▶ **WHAT IS BEING ASKED**: Answer with one figure only, the number of lines below in which "using" occurs.
SUPPLIED DATA START
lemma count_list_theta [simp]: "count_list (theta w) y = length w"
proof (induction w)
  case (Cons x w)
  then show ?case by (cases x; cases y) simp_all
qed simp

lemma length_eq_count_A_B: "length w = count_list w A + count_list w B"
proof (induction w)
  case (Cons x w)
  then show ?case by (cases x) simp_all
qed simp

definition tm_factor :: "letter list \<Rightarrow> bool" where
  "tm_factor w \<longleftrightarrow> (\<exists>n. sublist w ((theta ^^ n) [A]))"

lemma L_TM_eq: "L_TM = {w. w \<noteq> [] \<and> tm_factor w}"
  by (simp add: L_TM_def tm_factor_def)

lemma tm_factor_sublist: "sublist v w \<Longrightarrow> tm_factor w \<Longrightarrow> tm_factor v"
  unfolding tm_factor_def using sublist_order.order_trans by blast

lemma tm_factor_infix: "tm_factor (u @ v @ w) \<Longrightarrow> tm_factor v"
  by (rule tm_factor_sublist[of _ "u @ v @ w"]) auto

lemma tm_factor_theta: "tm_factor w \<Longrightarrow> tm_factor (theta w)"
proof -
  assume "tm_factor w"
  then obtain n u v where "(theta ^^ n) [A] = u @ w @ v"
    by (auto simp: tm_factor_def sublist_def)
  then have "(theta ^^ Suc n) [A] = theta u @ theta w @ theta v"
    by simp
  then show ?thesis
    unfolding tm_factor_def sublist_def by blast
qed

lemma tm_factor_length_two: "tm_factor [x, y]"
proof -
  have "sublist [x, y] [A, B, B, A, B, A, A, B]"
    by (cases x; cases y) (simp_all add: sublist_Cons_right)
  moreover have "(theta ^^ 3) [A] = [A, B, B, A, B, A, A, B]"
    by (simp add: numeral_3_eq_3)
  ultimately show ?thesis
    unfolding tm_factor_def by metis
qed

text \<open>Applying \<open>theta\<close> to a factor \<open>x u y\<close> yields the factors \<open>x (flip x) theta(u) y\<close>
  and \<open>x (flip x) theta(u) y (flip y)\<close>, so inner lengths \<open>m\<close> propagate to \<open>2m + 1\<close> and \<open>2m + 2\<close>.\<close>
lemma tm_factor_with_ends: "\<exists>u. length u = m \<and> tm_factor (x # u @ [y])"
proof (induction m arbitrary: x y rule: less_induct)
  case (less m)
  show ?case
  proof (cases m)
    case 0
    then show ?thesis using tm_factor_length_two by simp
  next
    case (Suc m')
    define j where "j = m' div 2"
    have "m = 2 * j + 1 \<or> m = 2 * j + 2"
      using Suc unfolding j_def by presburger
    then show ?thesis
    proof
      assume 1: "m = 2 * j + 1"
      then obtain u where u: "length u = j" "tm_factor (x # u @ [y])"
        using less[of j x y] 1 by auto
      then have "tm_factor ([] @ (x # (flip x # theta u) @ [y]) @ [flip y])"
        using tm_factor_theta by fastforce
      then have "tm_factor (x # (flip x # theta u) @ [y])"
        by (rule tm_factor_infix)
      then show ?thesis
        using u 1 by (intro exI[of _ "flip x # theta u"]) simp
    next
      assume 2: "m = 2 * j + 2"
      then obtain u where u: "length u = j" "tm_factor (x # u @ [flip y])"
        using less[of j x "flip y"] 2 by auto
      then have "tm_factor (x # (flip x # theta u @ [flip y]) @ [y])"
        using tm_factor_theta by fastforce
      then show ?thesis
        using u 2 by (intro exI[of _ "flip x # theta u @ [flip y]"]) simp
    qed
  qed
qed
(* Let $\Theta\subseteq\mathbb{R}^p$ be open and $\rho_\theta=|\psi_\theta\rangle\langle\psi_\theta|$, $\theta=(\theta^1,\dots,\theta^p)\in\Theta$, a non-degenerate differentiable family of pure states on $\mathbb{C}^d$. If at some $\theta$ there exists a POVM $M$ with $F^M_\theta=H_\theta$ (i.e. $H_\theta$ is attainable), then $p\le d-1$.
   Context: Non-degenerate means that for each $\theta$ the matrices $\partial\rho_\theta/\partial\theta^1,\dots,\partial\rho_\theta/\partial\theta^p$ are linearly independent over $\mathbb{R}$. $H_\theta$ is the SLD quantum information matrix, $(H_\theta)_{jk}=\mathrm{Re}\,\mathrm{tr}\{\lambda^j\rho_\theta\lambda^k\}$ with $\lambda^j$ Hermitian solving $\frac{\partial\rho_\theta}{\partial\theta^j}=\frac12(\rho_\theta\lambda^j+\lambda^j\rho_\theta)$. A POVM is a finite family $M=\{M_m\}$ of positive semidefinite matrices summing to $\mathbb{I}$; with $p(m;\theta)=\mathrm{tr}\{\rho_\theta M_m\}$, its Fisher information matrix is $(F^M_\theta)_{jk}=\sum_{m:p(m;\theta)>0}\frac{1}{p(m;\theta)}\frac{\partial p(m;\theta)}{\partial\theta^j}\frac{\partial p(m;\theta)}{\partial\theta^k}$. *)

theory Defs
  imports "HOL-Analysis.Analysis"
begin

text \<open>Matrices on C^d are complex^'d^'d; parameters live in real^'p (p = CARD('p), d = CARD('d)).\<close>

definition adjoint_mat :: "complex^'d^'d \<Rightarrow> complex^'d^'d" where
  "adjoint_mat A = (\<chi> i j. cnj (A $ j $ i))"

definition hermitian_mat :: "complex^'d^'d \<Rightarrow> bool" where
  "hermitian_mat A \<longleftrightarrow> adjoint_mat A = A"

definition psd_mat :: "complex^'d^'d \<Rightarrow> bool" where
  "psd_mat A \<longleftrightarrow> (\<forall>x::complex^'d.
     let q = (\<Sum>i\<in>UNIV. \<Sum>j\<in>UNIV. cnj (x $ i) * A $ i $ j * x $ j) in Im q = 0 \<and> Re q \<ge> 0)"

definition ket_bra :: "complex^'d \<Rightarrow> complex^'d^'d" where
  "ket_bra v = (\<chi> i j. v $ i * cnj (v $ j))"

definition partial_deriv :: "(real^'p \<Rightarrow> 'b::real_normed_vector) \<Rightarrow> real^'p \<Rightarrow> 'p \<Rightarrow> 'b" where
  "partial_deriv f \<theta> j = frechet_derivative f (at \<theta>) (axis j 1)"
SUPPLIED DATA END
▶ **PROBLEM SOLUTION**: 9